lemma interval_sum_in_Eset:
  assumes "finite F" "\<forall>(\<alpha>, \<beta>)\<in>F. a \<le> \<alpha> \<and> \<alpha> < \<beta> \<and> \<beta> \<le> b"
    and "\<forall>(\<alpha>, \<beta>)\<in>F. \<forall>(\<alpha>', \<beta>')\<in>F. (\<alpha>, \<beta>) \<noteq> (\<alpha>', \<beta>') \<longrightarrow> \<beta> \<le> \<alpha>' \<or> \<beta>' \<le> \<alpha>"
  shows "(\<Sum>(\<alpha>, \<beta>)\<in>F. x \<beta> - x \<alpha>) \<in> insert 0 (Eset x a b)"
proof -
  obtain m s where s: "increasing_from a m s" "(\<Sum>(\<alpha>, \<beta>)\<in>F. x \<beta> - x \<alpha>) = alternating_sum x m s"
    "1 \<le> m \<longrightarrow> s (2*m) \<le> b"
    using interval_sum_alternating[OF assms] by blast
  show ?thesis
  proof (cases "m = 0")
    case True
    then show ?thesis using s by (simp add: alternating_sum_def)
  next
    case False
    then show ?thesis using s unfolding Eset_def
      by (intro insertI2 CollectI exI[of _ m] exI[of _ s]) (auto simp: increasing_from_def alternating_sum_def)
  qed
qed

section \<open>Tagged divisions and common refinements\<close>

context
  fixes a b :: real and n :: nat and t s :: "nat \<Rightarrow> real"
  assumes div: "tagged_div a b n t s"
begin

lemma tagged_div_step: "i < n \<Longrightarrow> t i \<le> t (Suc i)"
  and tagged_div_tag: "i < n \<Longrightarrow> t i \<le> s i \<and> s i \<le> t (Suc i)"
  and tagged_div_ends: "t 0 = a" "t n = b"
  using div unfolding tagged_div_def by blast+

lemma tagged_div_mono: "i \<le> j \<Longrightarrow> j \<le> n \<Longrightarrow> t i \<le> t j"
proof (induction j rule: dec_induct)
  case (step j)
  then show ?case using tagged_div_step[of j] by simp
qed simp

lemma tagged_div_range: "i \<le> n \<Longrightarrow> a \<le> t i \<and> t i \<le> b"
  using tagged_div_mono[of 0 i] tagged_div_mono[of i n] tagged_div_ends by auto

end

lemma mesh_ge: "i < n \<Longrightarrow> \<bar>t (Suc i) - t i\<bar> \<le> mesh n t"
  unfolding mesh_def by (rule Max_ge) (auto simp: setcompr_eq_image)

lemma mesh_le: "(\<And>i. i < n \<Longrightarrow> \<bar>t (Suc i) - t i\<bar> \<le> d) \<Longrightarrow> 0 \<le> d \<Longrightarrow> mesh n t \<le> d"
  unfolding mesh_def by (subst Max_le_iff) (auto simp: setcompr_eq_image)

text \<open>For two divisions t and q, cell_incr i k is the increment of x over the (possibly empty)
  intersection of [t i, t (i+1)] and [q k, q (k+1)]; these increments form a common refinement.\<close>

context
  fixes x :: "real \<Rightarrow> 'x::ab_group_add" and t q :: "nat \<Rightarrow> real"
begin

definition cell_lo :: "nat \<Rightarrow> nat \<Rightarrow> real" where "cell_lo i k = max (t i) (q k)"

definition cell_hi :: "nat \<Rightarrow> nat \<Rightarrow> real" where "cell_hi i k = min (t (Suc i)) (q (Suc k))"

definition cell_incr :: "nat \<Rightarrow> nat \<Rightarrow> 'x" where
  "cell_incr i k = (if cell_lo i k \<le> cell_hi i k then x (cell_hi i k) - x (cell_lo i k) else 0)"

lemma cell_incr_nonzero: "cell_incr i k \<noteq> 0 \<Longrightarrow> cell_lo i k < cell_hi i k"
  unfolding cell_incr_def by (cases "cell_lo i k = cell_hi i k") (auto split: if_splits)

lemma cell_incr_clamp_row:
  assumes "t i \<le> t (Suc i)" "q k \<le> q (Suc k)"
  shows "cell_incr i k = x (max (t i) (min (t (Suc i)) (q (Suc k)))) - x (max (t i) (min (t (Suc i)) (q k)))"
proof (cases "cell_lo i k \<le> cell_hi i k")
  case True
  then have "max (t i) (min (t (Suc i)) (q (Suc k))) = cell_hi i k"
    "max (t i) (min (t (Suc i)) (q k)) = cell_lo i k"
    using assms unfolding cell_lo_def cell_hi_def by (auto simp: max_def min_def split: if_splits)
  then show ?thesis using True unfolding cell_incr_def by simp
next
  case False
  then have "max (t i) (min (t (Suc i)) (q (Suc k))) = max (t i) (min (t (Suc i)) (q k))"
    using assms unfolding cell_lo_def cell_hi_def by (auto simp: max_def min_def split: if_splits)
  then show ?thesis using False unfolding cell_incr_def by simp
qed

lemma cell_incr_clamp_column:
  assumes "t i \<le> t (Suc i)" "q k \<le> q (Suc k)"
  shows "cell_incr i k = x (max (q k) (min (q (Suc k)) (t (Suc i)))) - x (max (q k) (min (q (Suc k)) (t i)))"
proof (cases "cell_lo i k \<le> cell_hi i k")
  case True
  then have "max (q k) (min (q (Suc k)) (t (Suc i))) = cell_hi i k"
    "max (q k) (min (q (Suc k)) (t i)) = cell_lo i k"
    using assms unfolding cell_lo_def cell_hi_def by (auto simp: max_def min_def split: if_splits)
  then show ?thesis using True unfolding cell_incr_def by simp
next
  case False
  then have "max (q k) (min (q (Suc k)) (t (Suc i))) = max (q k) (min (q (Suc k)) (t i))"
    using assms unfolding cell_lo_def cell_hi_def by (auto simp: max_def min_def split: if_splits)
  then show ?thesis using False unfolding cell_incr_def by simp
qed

◆ **How to complete this task**:
What lines above mention "proof"? Copy each one.

◆ **Solution below**:
proof -
  proof (cases "m = 0")
proof (induction j rule: dec_induct)
proof (cases "cell_lo i k \<le> cell_hi i k")
proof (cases "cell_lo i k \<le> cell_hi i k")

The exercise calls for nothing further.